Between Yesterday and Tomorrow
- Neil Gordon
- Sep 13
- 3 min read
The Ice Curtain Separating Little Diomede and Big Diomede

On my recent journey to Alaska’s far west frontier, I found myself in Unalakleet, a small Inupiat village nestled against the Bering Sea. There, among the frozen shorelines and stories carved from ice, I listened and learned—one of those stories I shared earlier in a Substack called: The Frozen Kings of Unalakleet.
But there was another tale—one not of myth, but of geography, history, and time itself.
Just 150 miles northwest of Unalakleet lie two rocky sentinels in the Bering Strait: Little Diomede (U.S.) and Big Diomede (Russia). Only 2.5 miles of frigid water separate them, yet they live nearly a full day apart. The invisible International Date Line cuts between the islands, giving rise to their poetic nicknames: “Yesterday Island” and “Tomorrow Island.” From the American shore, you can literally look across the water and see tomorrow.

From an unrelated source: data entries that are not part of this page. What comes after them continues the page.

(* Let $k,d,r,\delta$ be positive integers with $\delta\le d$, $r \ge 1$, and suppose there exists a systematic $[k+d-1,k,d]$ MDS code over $\mathbb{F}_q$. Then there exists an $(r,\delta)_i$ linear code over $\mathbb{F}_q$ of length $n = k+d-1+\left(\lceil k/r\rceil-1\right)(\delta-1)$, dimension $k$ and minimum distance $d$, i.e. an $(r,\delta)_i$ code attaining $d = n-k+1-\left(\lceil k/r\rceil-1\right)(\delta-1)$ with equality.
   Context: Coordinate $i$ of a linear code $\mathcal{C}$ of length $n$ has locality $(r,\delta)$ if there is $S_i\subseteq[n]$ with $i\in S_i$, $|S_i|\le r+\delta-1$, such that the punctured code $\mathcal{C}|_{S_i}$ (delete coordinates outside $S_i$) has minimum distance at least $\delta$. An $(r,\delta)_i$ code is a systematic $[n,k,d]$ linear code (information symbols in the first $k$ coordinates) in which all $k$ information coordinates have locality $(r,\delta)$. An MDS code is an $[N,K,D]$ code with $D=N-K+1$. *)

theory Defs
  imports Complex_Main
begin

text \<open>Vectors of length n over a finite field 'a are modelled as functions
nat \<Rightarrow> 'a vanishing outside the coordinate set {..<n}.\<close>

definition vec_space :: "nat \<Rightarrow> (nat \<Rightarrow> 'a::zero) set" where
  "vec_space n = {x. \<forall>i\<ge>n. x i = 0}"

definition linear_code :: "nat \<Rightarrow> (nat \<Rightarrow> 'a::field) set \<Rightarrow> bool" where
  "linear_code n C \<longleftrightarrow> C \<subseteq> vec_space n \<and> (\<lambda>_. 0) \<in> C \<and>
     (\<forall>x\<in>C. \<forall>y\<in>C. (\<lambda>i. x i + y i) \<in> C) \<and>
     (\<forall>a. \<forall>x\<in>C. (\<lambda>i. a * x i) \<in> C)"

definition systematic_code :: "nat \<Rightarrow> nat \<Rightarrow> (nat \<Rightarrow> 'a::field) set \<Rightarrow> bool" where
  "systematic_code n k C \<longleftrightarrow> k \<le> n \<and> linear_code n C \<and>
     bij_betw (\<lambda>c i. if i < k then c i else 0) C (vec_space k)"

definition weight_on :: "nat set \<Rightarrow> (nat \<Rightarrow> 'a::zero) \<Rightarrow> nat" where
  "weight_on S c = card {i\<in>S. c i \<noteq> 0}"

definition min_dist_eq :: "nat \<Rightarrow> (nat \<Rightarrow> 'a::zero) set \<Rightarrow> nat \<Rightarrow> bool" where
  "min_dist_eq n C d \<longleftrightarrow>
     (\<forall>c\<in>C. c \<noteq> (\<lambda>_. 0) \<longrightarrow> weight_on {..<n} c \<ge> d) \<and>
     (\<exists>c\<in>C. c \<noteq> (\<lambda>_. 0) \<and> weight_on {..<n} c = d)"

text \<open>The punctured code C|_S (codewords restricted to S) has minimum distance
at least \<delta>: every codeword nonzero on S has at least \<delta> nonzero entries in S.\<close>
definition punct_dist_ge :: "(nat \<Rightarrow> 'a::zero) set \<Rightarrow> nat set \<Rightarrow> nat \<Rightarrow> bool" where
  "punct_dist_ge C S \<delta> \<longleftrightarrow>
     (\<forall>c\<in>C. (\<exists>j\<in>S. c j \<noteq> 0) \<longrightarrow> weight_on S c \<ge> \<delta>)"

definition has_locality :: "nat \<Rightarrow> (nat \<Rightarrow> 'a::zero) set \<Rightarrow> nat \<Rightarrow> nat \<Rightarrow> nat \<Rightarrow> bool" where
  "has_locality n C r \<delta> i \<longleftrightarrow>
     (\<exists>S. S \<subseteq> {..<n} \<and> i \<in> S \<and> card S \<le> r + \<delta> - 1 \<and> punct_dist_ge C S \<delta>)"

definition rdelta_i_code :: "nat \<Rightarrow> nat \<Rightarrow> nat \<Rightarrow> nat \<Rightarrow> nat \<Rightarrow> (nat \<Rightarrow> 'a::field) set \<Rightarrow> bool" where
  "rdelta_i_code n k d r \<delta> C \<longleftrightarrow> systematic_code n k C \<and> min_dist_eq n C d \<and>
     (\<forall>i<k. has_locality n C r \<delta> i)"

end

theory Submission
  imports Defs
begin

text \<open>Split the information symbols into \<open>m = \<lceil>k/r\<rceil>\<close> groups of at most \<open>r\<close>. Encode each
group on its own with the systematic MDS code and keep the first \<open>\<delta> - 1\<close> parity symbols of
every such encoding; of the full codeword keep the information and its last \<open>d - \<delta>\<close> parity
symbols. By linearity the first \<open>\<delta> - 1\<close> parities of a codeword are the sums of the
corresponding group parities, so each of its nonzero coordinates shows up as a nonzero
coordinate of the new word: the distance is still at least \<open>d\<close>, and a unit information
vector attains \<open>d\<close>. On a group and its local parities the new word coincides with the MDS
encoding of that group alone, a codeword of weight at least \<open>d\<close> that is supported on the group
and the parity positions; dropping the \<open>d - \<delta>\<close> global parities leaves weight at least \<open>\<delta>\<close>.\<close>

lemma weight_on_le_card: "finite S \<Longrightarrow> weight_on S c \<le> card S"
  unfolding weight_on_def by (intro card_mono) auto

lemma weight_on_Un_disjoint:
  "finite A \<Longrightarrow> finite B \<Longrightarrow> A \<inter> B = {} \<Longrightarrow>
   weight_on (A \<union> B) c = weight_on A c + weight_on B c"
  unfolding weight_on_def by (subst card_Un_disjoint[symmetric]) (auto intro: arg_cong[where f = card])

lemma weight_on_image:
  assumes "inj_on f A"
  shows "weight_on (f ` A) c = card {x \<in> A. c (f x) \<noteq> 0}"
proof -
  have "{y \<in> f ` A. c y \<noteq> 0} = f ` {x \<in> A. c (f x) \<noteq> 0}" by blast
  then show ?thesis
    unfolding weight_on_def using assms by (simp add: card_image inj_on_subset)
qed

lemma weight_on_cong: "(\<And>i. i \<in> A \<Longrightarrow> c i = c' i) \<Longrightarrow> weight_on A c = weight_on A c'"
  unfolding weight_on_def by (rule arg_cong[where f = card]) auto

lemma weight_on_vanishing:
  "A \<subseteq> B \<Longrightarrow> (\<And>i. i \<in> B - A \<Longrightarrow> c i = 0) \<Longrightarrow> weight_on B c = weight_on A c"
  unfolding weight_on_def by (rule arg_cong[where f = card]) blast

lemma linear_code_zero: "linear_code n C \<Longrightarrow> (\<lambda>_. 0) \<in> C"
  unfolding linear_code_def by auto

lemma linear_code_add: "linear_code n C \<Longrightarrow> x \<in> C \<Longrightarrow> y \<in> C \<Longrightarrow> (\<lambda>i. x i + y i) \<in> C"
  unfolding linear_code_def by auto

lemma linear_code_scale: "linear_code n C \<Longrightarrow> x \<in> C \<Longrightarrow> (\<lambda>i. a * x i) \<in> C"
  unfolding linear_code_def by auto

definition info_part :: "nat \<Rightarrow> (nat \<Rightarrow> 'a::zero) \<Rightarrow> nat \<Rightarrow> 'a" where
  "info_part k c = (\<lambda>i. if i < k then c i else 0)"

lemma systematic_code_iff:
  "systematic_code n k C \<longleftrightarrow>
     k \<le> n \<and> linear_code n C \<and> bij_betw (info_part k) C (vec_space k)"
  unfolding systematic_code_def info_part_def ..

locale systematic =
  fixes n k :: nat and C :: "(nat \<Rightarrow> 'a::field) set"
  assumes systematic: "systematic_code n k C"
begin

lemma linear: "linear_code n C"
  and bij_info_part: "bij_betw (info_part k) C (vec_space k)"
  using systematic unfolding systematic_code_iff by auto

definition encode :: "(nat \<Rightarrow> 'a) \<Rightarrow> nat \<Rightarrow> 'a" where
  "encode = the_inv_into C (info_part k)"
(* Let $0<r_j\le\infty$ and $0<s_j\le\infty$ for $j=1,\dots,n$, and let $\gamma(\mathbf{r})=\otimes_{j=1}^n\gamma(r_j)$ and $\gamma(\mathbf{s})=\otimes_{j=1}^n\gamma(s_j)$ be thermal states with $\operatorname{supp}\gamma(\mathbf{r})\subseteq\operatorname{supp}\gamma(\mathbf{s})$. Let $\mathcal{F}_{\mathbf{r}}=\{j\in\{1,\dots,n\}: r_j<\infty\}$, $\mathcal{F}_{\mathbf{s}}=\{j: s_j<\infty\}$, and $\mathcal{F}_{\mathbf{r}<\mathbf{s}}=\{j\in\mathcal{F}_{\mathbf{r}}\cap\mathcal{F}_{\mathbf{s}}: r_j<s_j\}$. Then: (1) If $\mathcal{F}_{\mathbf{r}<\mathbf{s}}=\emptyset$ (i.e. $r_j\ge s_j$ for all $j\in\mathcal{F}_{\mathbf{r}}\cap\mathcal{F}_{\mathbf{s}}$), then $D_\alpha(\gamma(\mathbf{r})\|\gamma(\mathbf{s}))<\infty$ for every $\alpha\in(0,1)\cup(1,\infty)$. (2) If $\mathcal{F}_{\mathbf{r}<\mathbf{s}}\neq\emptyset$, then for $\alpha\in(0,1)\cup(1,\infty)$, $$D_\alpha(\gamma(\mathbf{r})\|\gamma(\mathbf{s}))<\infty\iff \alpha<\min_{j\in\mathcal{F}_{\mathbf{r}<\mathbf{s}}}\frac{s_j}{s_j-r_j}.$$
   Context: One-mode Fock space: $\ell^2(\mathbb{Z}_{\ge 0})$ with orthonormal particle basis $\{|k\rangle\}_{k\ge0}$; the $n$-mode space is the $n$-fold tensor product with basis $|\mathbf{k}\rangle=|k_1\rangle\otimes\cdots\otimes|k_n\rangle$. For $0<s<\infty$ the one-mode thermal state is $\gamma(s)=(1-e^{-s})\sum_{k\ge0}e^{-ks}|k\rangle\langle k|$, and $\gamma(\infty)=|0\rangle\langle0|$. $\operatorname{supp}$ denotes the support (orthogonal complement of the kernel). For states $\rho=\sum_i p_i|x_i\rangle\langle x_i|$, $\sigma=\sum_j q_j|y_j\rangle\langle y_j|$ (spectral decompositions with orthonormal bases), the Petz–Rényi $\alpha$-relative entropy for $\alpha\in(0,1)\cup(1,\infty)$ is $D_\alpha(\rho\|\sigma)=\frac{1}{\alpha-1}\log\sum_{i,j}p_i^\alpha q_j^{1-\alpha}|\langle x_i|y_j\rangle|^2$, with the conventions (for $\alpha>1$) $0^{1-\alpha}=\infty$ and $0\cdot\infty=0$. *)

theory Defs
  imports "HOL-Analysis.Analysis" "HOL-Library.Extended_Real"
begin
lemma stochastic_invariant_distribution:
  assumes P: "stochastic n P" and n: "n \<ge> 1"
  obtains v where "invariant_vec n P v" "\<forall>i. 0 \<le> v i" "(\<Sum>i<n. v i) = 1" "\<forall>i\<ge>n. v i = 0"
proof -
  obtain u where u: "invariant_vec n P u" "\<forall>i\<ge>n. u i = 0" "\<exists>i<n. u i \<noteq> 0"
    using stochastic_nonzero_invariant_vec[OF P n] by blast
  define S where "S = (\<Sum>i<n. \<bar>u i\<bar>)"
  obtain i0 where i0: "i0 < n" "u i0 \<noteq> 0"
    using u(3) by blast
  then have "0 < \<bar>u i0\<bar>"
    by simp
  also have "\<bar>u i0\<bar> \<le> S"
    unfolding S_def using i0 by (intro member_le_sum) auto
  finally have "S > 0" .
  define v where "v i = 1 / S * \<bar>u i\<bar>" for i
  have "invariant_vec n P v"
    unfolding v_def using P u(1) by (intro invariant_vec_scale invariant_vec_abs)
  moreover have "(\<Sum>i<n. v i) = 1"
    using \<open>S > 0\<close> unfolding v_def S_def by (simp flip: sum_divide_distrib)
  ultimately show ?thesis
    using that \<open>S > 0\<close> u(2) unfolding v_def by auto
qed

section \<open>The Markov chain of a code-tuple\<close>

lemma tstar_append: "tstar F k (x @ y) = tstar F (tstar F k x) y"
  by (induction x arbitrary: k) auto

lemma ttab_less: "code_tuple F \<Longrightarrow> k < ntab F \<Longrightarrow> ttab F k s < ntab F"
  unfolding code_tuple_def by blast

lemma tstar_less: "code_tuple F \<Longrightarrow> k < ntab F \<Longrightarrow> tstar F k x < ntab F"
  by (induction x arbitrary: k) (auto simp: code_tuple_def)

lemma Qmat_eq_sum_if:
  fixes \<mu> :: "'a::finite \<Rightarrow> real"
  shows "Qmat \<mu> F i j = (\<Sum>s\<in>UNIV. if ttab F i s = j then \<mu> s else 0)"
  unfolding Qmat_def by (simp add: sum.inter_filter[symmetric])

lemma Qmat_eq_0: "(\<And>s. ttab F i s \<noteq> j) \<Longrightarrow> Qmat \<mu> F i j = 0"
  unfolding Qmat_def by simp

lemma stationary_iff_invariant_vec:
  "stationary \<mu> F p \<longleftrightarrow>
     invariant_vec (ntab F) (Qmat \<mu> F) p \<and> (\<Sum>i<ntab F. p i) = 1 \<and> (\<forall>i\<ge>ntab F. p i = 0)"
  unfolding stationary_def invariant_vec_def by simp

definition closed_tables :: "'s ctuple \<Rightarrow> nat set \<Rightarrow> bool" where
  "closed_tables F C \<longleftrightarrow> C \<noteq> {} \<and> C \<subseteq> {..<ntab F} \<and> (\<forall>k\<in>C. \<forall>s. ttab F k s \<in> C)"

For thousands of years, the Inupiat and Yupik peoples crossed freely between the islands. By dogsled over winter ice or by boat in the brief Arctic summers, they shared kinship, culture, and trade. The Bering Strait wasn’t a barrier, but a pathway.

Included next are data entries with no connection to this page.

lemma dim_range_matrix_vector_mult_gen:
  fixes A :: "'a::field^'m^'n"
  shows "vec.dim (range ((*v) A)) = vec.dim (columns A)"
proof (rule antisym)
  show "vec.dim (range ((*v) A)) \<le> vec.dim (columns A)"
    using matrix_vector_mult_in_columnspace_gen by (blast intro: vec.dim_mono)
  have "column j A = A *v axis j 1" for j
    by (simp add: column_def matrix_vector_mult_def axis_def vec_eq_iff if_distrib sum.If_cases
        cong del: if_weak_cong)
  then show "vec.dim (columns A) \<le> vec.dim (range ((*v) A))"
    unfolding columns_def by (blast intro: vec.dim_subset)
qed

lemma span_Int_span_subset_zero_if_independent:
  assumes "vec.independent (B \<union> C)" and "B \<inter> C = {}"
  shows "vec.span B \<inter> vec.span C \<subseteq> {0 :: 'a::field^'n}"
proof -
  have fin: "finite B" "finite C" and ind: "vec.independent B" "vec.independent C"
    using assms(1) vec.independent_mono vec.finiteI_independent by blast+
  have "vec.dim (vec.span (B \<union> C)) + vec.dim (vec.span B \<inter> vec.span C)
      = vec.dim (vec.span B) + vec.dim (vec.span C)"
    by (simp add: vec.span_Un vec.dim_sums_Int)
  then show ?thesis
    using assms fin ind by (simp add: vec.dim_eq_card_independent card_Un_disjoint)
qed

lemma vec_dim_kernel_add_dim_range:
  fixes f :: "'a::field^'n \<Rightarrow> 'a^'p"
  assumes lf: "Vector_Spaces.linear (*s) (*s) f"
  shows "vec.dim {x. f x = 0} + vec.dim (range f) = CARD('n)"
proof -
  define K where "K = {x. f x = 0}"
  obtain B where B: "B \<subseteq> K" "vec.independent B" "K \<subseteq> vec.span B" "card B = vec.dim K"
    using vec.basis_exists by blast
  obtain B' where B': "B \<subseteq> B'" "B' \<subseteq> UNIV" "vec.independent B'" "UNIV \<subseteq> vec.span B'"
    by (rule vec.maximal_independent_subset_extend[OF subset_UNIV B(2)])
  define C where "C = B' - B"
  have B'_eq: "B' = B \<union> C" and disj: "B \<inter> C = {}"
    using B'(1) by (auto simp: C_def)
  have "finite B'"
    using B'(3) by (rule vec.finiteI_independent)
  then have fin: "finite B" "finite C"
    using B'_eq by auto
  have indC: "vec.independent C"
    using B'(3) by (rule vec.independent_mono) (simp add: C_def)
  have "vec.subspace K"
    unfolding K_def by (rule vec.linear_subspace_kernel[OF lf])
  then have span_B: "vec.span B = K"
    using B(1,3) vec.span_minimal by blast
  have "card B' = CARD('n)"
    using vec.basis_card_eq_dim[OF subset_UNIV B'(4,3)] by (simp add: card_cart_basis)
  then have card: "card B + card C = CARD('n)"
    by (simp add: B'_eq disj fin card_Un_disjoint)
  have inj: "inj_on f (vec.span C)"
  proof (rule inj_onI)
    fix x y assume xy: "x \<in> vec.span C" "y \<in> vec.span C" "f x = f y"
    then have "x - y \<in> vec.span B \<inter> vec.span C"
      by (simp add: span_B K_def vec.span_diff vec.linear_diff[OF lf])
    then show "x = y"
      using span_Int_span_subset_zero_if_independent[OF B'(3)[unfolded B'_eq] disj] by auto
  qed
  have range_eq: "range f = vec.span (f ` C)"
  proof -
    have "range f = f ` vec.span (B \<union> C)"
      using B'(4) by (simp add: B'_eq[symmetric] top.extremum_unique)
    also have "\<dots> = vec.span (f ` B \<union> f ` C)"
      using vec.linear_span_image[OF lf, of "B \<union> C"] by (simp add: image_Un)
    also have "f ` B \<subseteq> {0}"
      using B(1) by (auto simp: K_def)
    then have "vec.span (f ` B \<union> f ` C) \<subseteq> vec.span (insert 0 (f ` C))"
      by (intro vec.span_mono) blast
    then have "vec.span (f ` B \<union> f ` C) = vec.span (f ` C)"
      by (auto intro: vec.span_mono[THEN subsetD])
    finally show ?thesis .
  qed
  have "vec.dim (range f) = vec.dim (f ` C)"
    unfolding range_eq by (rule vec.dim_span)
  also have "\<dots> = card C"
    using vec.dim_image_eq[OF lf inj] vec.dim_eq_card_independent[OF indC] by simp
  finally show ?thesis
    using B(4) card by (simp add: K_def)
qed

That changed after World War II. In 1948, the Soviet Union forcibly removed the Inuit people from Big Diomede and turned the island into a military outpost. Families who once visited across the ice were suddenly divided by what came to be called the “Ice Curtain.” Relatives became unreachable, separated not only by water and politics, but by time itself.

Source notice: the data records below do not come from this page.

lemma shortest_path_from_set_no_arc_into:
  assumes z: "shortest_path_from_set V A S x z" and S: "S \<subseteq> V" "s \<in> S"
    and i: "2 \<le> i" "i < length z"
  shows "(s, z ! i) \<notin> A"
proof
  assume arc: "(s, z ! i) \<in> A"
  have "set (drop i z) \<subseteq> set (tl z)"
    using i by (cases i) (simp_all add: drop_Suc set_drop_subset)
  then have "s \<notin> set (drop i z)"
    using shortest_path_from_set_tl_disjoint[OF z] S by blast
  then have "is_path V A (s # drop i z)" "hd (s # drop i z) \<in> S" "last (s # drop i z) = x"
    using z S i arc
    by (auto simp: shortest_path_from_set_def is_path_Cons is_path_drop hd_drop_conv_nth)
  then have "length z \<le> length (s # drop i z)"
    using z unfolding shortest_path_from_set_def by blast
  then show False using i by simp
qed

locale semicomplete_chordless_path =
  fixes V :: "'a set" and A :: "('a \<times> 'a) set" and k :: nat and P :: "'a list"
  assumes kqt: "k_quasi_transitive k V A"
    and strong: "strong V A"
    and k_ge_4: "4 \<le> k"
    and path_P: "is_path V A P"
    and length_P: "length P = k + 3"
    and chordless_P: "forward_chordless A P"
    and semicomplete_P: "semicomplete_on A (set P)"
begin

lemma back_arc_P:
  assumes "i + 2 \<le> j" "j < k + 3"
  shows "(P ! j, P ! i) \<in> A"
proof -
  have "P ! i \<noteq> P ! j"
    using assms path_P length_P by (simp add: is_path_def nth_eq_iff_index_eq)
  then have "adjacent A (P ! i) (P ! j)"
    using assms semicomplete_P length_P by (simp add: semicomplete_on_def)
  then show ?thesis
    using forward_chordlessD[OF chordless_P] assms length_P by (auto simp: adjacent_def)
qed

lemma path_along_P:
  assumes "ns \<noteq> []" "distinct ns" "\<forall>n\<in>set ns. n < k + 3"
    and "successively (\<lambda>i j. j = Suc i \<or> j + 2 \<le> i) ns"
  shows "is_path V A (map ((!) P) ns)"
proof (rule is_path_map_nth[OF path_P])
  show "successively (\<lambda>i j. (P ! i, P ! j) \<in> A) ns"
    using assms(4)
  proof (rule successively_mono)
    fix i j assume "i \<in> set ns" "j \<in> set ns" "j = Suc i \<or> j + 2 \<le> i"
    then show "(P ! i, P ! j) \<in> A"
      using assms(3) path_P length_P back_arc_P by (auto simp: is_path_def)
  qed
qed (use assms length_P in auto)

lemma path_in_P_ending_at:
  assumes "i < k + 3" "0 < a" "a \<le> k + 3"
  obtains q where "is_path V A q" "length q = a" "last q = P ! i" "set q \<subseteq> set P"
proof -
  define ns where "ns = (if a \<le> Suc i then [Suc i - a..<Suc i]
    else [k + 3 - (a - Suc i)..<k + 3] @ [0..<Suc i])"
  have "is_path V A (map ((!) P) ns)"
    using assms unfolding ns_def
    by (intro path_along_P)
      (auto simp: successively_append_iff simp del: upt_Suc intro: successively_upt)
  moreover have "length (map ((!) P) ns) = a" "last (map ((!) P) ns) = P ! i"
    using assms unfolding ns_def by (auto simp: last_map simp del: upt_Suc)
  moreover have "set (map ((!) P) ns) \<subseteq> set P"
    using assms length_P unfolding ns_def by auto
  ultimately show ?thesis by (rule that)
qed

lemma path_in_P_starting_at:
  assumes "i < k + 3" "0 < a" "a \<le> k + 3"
  obtains q where "is_path V A q" "length q = a" "hd q = P ! i" "set q \<subseteq> set P"
proof -
  define ns where "ns = (if i + a \<le> k + 3 then [i..<i + a]
    else [i..<k + 3] @ [0..<a - (k + 3 - i)])"
  have "is_path V A (map ((!) P) ns)"
    using assms unfolding ns_def
    by (intro path_along_P)
      (auto simp: successively_append_iff simp del: upt_Suc intro: successively_upt)
  moreover have "length (map ((!) P) ns) = a" "hd (map ((!) P) ns) = P ! i"
    using assms unfolding ns_def by (auto simp: hd_map)
  moreover have "set (map ((!) P) ns) \<subseteq> set P"
    using assms length_P unfolding ns_def by auto
  ultimately show ?thesis by (rule that)
qed

lemma path_in_P_to_predecessor:
  assumes "0 < j" "j < k + 3"
  obtains q where "is_path V A q" "length q = k" "hd q = P ! j" "last q = P ! (j - 1)"
    "set q \<subseteq> set P"
proof -
  \<comment> \<open>The jump back from \<open>P ! (s + k - 1)\<close> to \<open>P ! s\<close> must stay inside \<open>P\<close>,
    hence \<open>s \<le> 3\<close>.\<close>
  define s where "s = min 3 (j - 1)"
  define ns where "ns = [j..<s + k] @ [s..<j]"
  have s: "s < j" "j < s + k" "s + k \<le> k + 3"
    using assms k_ge_4 unfolding s_def by auto
  have "is_path V A (map ((!) P) ns)"
    using s k_ge_4 unfolding ns_def
    by (intro path_along_P)
      (auto simp: successively_append_iff simp del: upt_Suc intro: successively_upt)
  moreover have "length (map ((!) P) ns) = k"
    "hd (map ((!) P) ns) = P ! j" "last (map ((!) P) ns) = P ! (j - 1)"
    using s unfolding ns_def by (auto simp: hd_map last_map simp del: upt_Suc)
  moreover have "set (map ((!) P) ns) \<subseteq> set P"
    using s length_P unfolding ns_def by auto
  ultimately show ?thesis by (rule that)
qed

lemma arc_from_third_vertex_into_P:
  assumes z: "shortest_path_from_set V A (set P) y z" and long: "3 \<le> length z"
  shows "\<exists>w\<in>set P. (z ! 2, w) \<in> A"
proof -
  obtain z0 z1 z2 r where z012: "z = z0 # z1 # z2 # r"
    using long by (auto simp: Suc_le_length_iff numeral_eq_Suc)
  have z_path: "is_path V A (z0 # z1 # z2 # r)" and "z0 \<in> set P"
    using z z012 by (auto simp: shortest_path_from_set_def)
  then have "is_path V A (z0 # [z1, z2])"
    using is_path_take[OF z_path, of 3] by (simp add: numeral_3_eq_3)
  then have "is_path V A [z1, z2]" "(z0, z1) \<in> A"
    by (simp_all add: is_path_Cons)
  have "{z1, z2} \<inter> set P = {}"
    using shortest_path_from_set_tl_disjoint[OF z] z012 by auto
  obtain i0 where i0: "i0 < k + 3" "P ! i0 = z0"
    using \<open>z0 \<in> set P\<close> length_P by (metis in_set_conv_nth)
  have "0 < k - 1" "k - 1 \<le> k + 3" using k_ge_4 by auto
  then obtain q where q: "is_path V A q" "length q = k - 1" "last q = P ! i0"
    "set q \<subseteq> set P"
    by (rule path_in_P_ending_at[OF i0(1)])
  have "q \<noteq> []" using q(2) k_ge_4 by auto
  then have "is_path V A (q @ [z1, z2])"
    using q i0(2) \<open>is_path V A [z1, z2]\<close> \<open>{z1, z2} \<inter> set P = {}\<close> \<open>(z0, z1) \<in> A\<close>
    by (auto simp: is_path_append)
  then have "adjacent A (hd (q @ [z1, z2])) (last (q @ [z1, z2]))"
    by (rule k_quasi_transitiveD[OF kqt]) (use q(2) k_ge_4 in simp)
  moreover have "hd q \<in> set P" using \<open>q \<noteq> []\<close> q(4) by auto
  moreover have "(hd q, z2) \<notin> A"
    using shortest_path_from_set_no_arc_into[OF z _ \<open>hd q \<in> set P\<close>, of 2] path_P z012
    by (simp add: is_path_def)
  ultimately show ?thesis using \<open>q \<noteq> []\<close> z012 by (auto simp: adjacent_def)
qed

context
  fixes x :: 'a
  assumes x: "x \<in> V" "x \<notin> set P"
    and no_in_arc: "\<forall>w\<in>set P. (w, x) \<notin> A"
begin

lemma out_arc_along_path:
  assumes q: "is_path V A q" "length q = k" "set q \<subseteq> set P" and arc: "(x, hd q) \<in> A"
  shows "(x, last q) \<in> A"
proof (rule kqt_arc_to_end_of_path[OF kqt _ q(2)])
  have "q \<noteq> []" using q(2) k_ge_4 by auto
  then show "is_path V A (x # q)"
    using q x arc by (auto simp: is_path_Cons)
  show "(last q, x) \<notin> A"
    using \<open>q \<noteq> []\<close> q(3) no_in_arc last_in_set by blast
qed (use k_ge_4 in simp)

lemma out_arc_pred:
  assumes "(x, P ! Suc j) \<in> A" "Suc j < k + 3"
  shows "(x, P ! j) \<in> A"
proof -
  obtain q where "is_path V A q" "length q = k" "hd q = P ! Suc j" "last q = P ! j"
    "set q \<subseteq> set P"
    using path_in_P_to_predecessor[of "Suc j"] assms(2) by auto
  then show ?thesis using out_arc_along_path assms(1) by metis
qed

lemma out_arc_down:
  assumes "(x, P ! j) \<in> A" "j < k + 3" "i \<le> j"
  shows "(x, P ! i) \<in> A"
  using assms
proof (induction j)
  case (Suc j)
  then show ?case using out_arc_pred by (cases "i = Suc j") auto
qed simp

lemma out_arc_forward:
  assumes "(x, P ! j) \<in> A" "j \<le> 3"
  shows "(x, P ! (j + k - 1)) \<in> A"
proof -
  have "is_path V A (map ((!) P) [j..<j + k])"
    using assms k_ge_4 length_P by (intro is_path_slice[OF path_P]) auto
  moreover have "set (map ((!) P) [j..<j + k]) \<subseteq> set P"
    using assms length_P by (auto intro: nth_mem)
  ultimately show ?thesis
    using out_arc_along_path[of "map ((!) P) [j..<j + k]"] assms k_ge_4 length_P
    by (auto simp: hd_map last_map simp del: upt_Suc)
qed

lemma out_arc_all:
  assumes "(x, P ! j) \<in> A" "j < k + 3" "i < k + 3"
  shows "(x, P ! i) \<in> A"
proof -
  have "(x, P ! (k - 1)) \<in> A"
    using out_arc_forward[of 0] out_arc_down[of j 0] assms by simp
  then have "(x, P ! (k + 2)) \<in> A"
    using out_arc_forward[of 3] out_arc_down[of "k - 1" 3] k_ge_4 by simp
  then show ?thesis using out_arc_down[of "k + 2" i] assms by simp
qed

Elders on Little Diomede remember how suddenly the visits ended. One year, cousins came over with walrus meat and seal oil; the next, they were gone. Weddings, too, had once crossed the strait. A young woman from Big Diomede might marry a man from Little Diomede, and the entire community would sled across the ice to feast together. “It wasn’t two islands,” one elder explained, “it was one family with water in between.”
Children, too, felt the loss. Before the separation, cousins would race dogs across the frozen strait, build snow shelters together, and share the simple joy of sliding down the rocky slopes on seal skins. “We played until our cheeks froze,” one elder recalled of his boyhood. “Then, one winter, they just never came back.” The games stopped, and the silence left behind was harder to understand than any border.
After 1948, binoculars revealed only soldiers, dogs, and watchtowers where family homes had once stood. No more news of marriages, births, or deaths traveled across the ice. “We knew our kin were out there,” one elder said, “but the soldiers had taken their place. The strait was still narrow, but the distance had become impossible.”
Today, about 80–100 people still live on Little Diomede, clinging to a rocky slope where mail comes by helicopter and supplies by barge—when the sea allows. Across the strait, Russian border troops maintain their presence on Big Diomede. The two islands remain neighbors, yet worlds apart.
To stand on Little Diomede and look across to Big Diomede is to feel the strangeness of history pressing against the present. It is to stand on the edge of yesterday and stare into tomorrow—reminded that even the simplest lines on a map can carve wounds in families, in cultures, in memory.
For me, these islands are not just curiosities of timekeeping or relics of the Cold War.
They are symbols of the stories I seek out—the places where myth and history, land and soul, brush against one another. Whether in Unalakleet, in the villages of the Kenai, or on these two islands divided by a calendar day, I find echoes of the same truth: that borders, whether drawn on maps or in our hearts, can separate us only if we forget to remember the ties that once bound us.
That is why I have begun to consider these islands as the setting for a future novel. Their strange duality—neighbors in sight yet separated by time, family bonds once close but torn apart by politics—offers a narrative landscape as rich and haunting as any I’ve encountered. I can imagine characters caught between Yesterday and Tomorrow, forced to reckon with both history’s weight and the fragile thread of human connection across the ice.
And so, in writing these stories, I am also tracing my own path—searching for the moments where the past leans forward, whispering across the ice, reminding us that yesterday and tomorrow are never so far apart as they seem.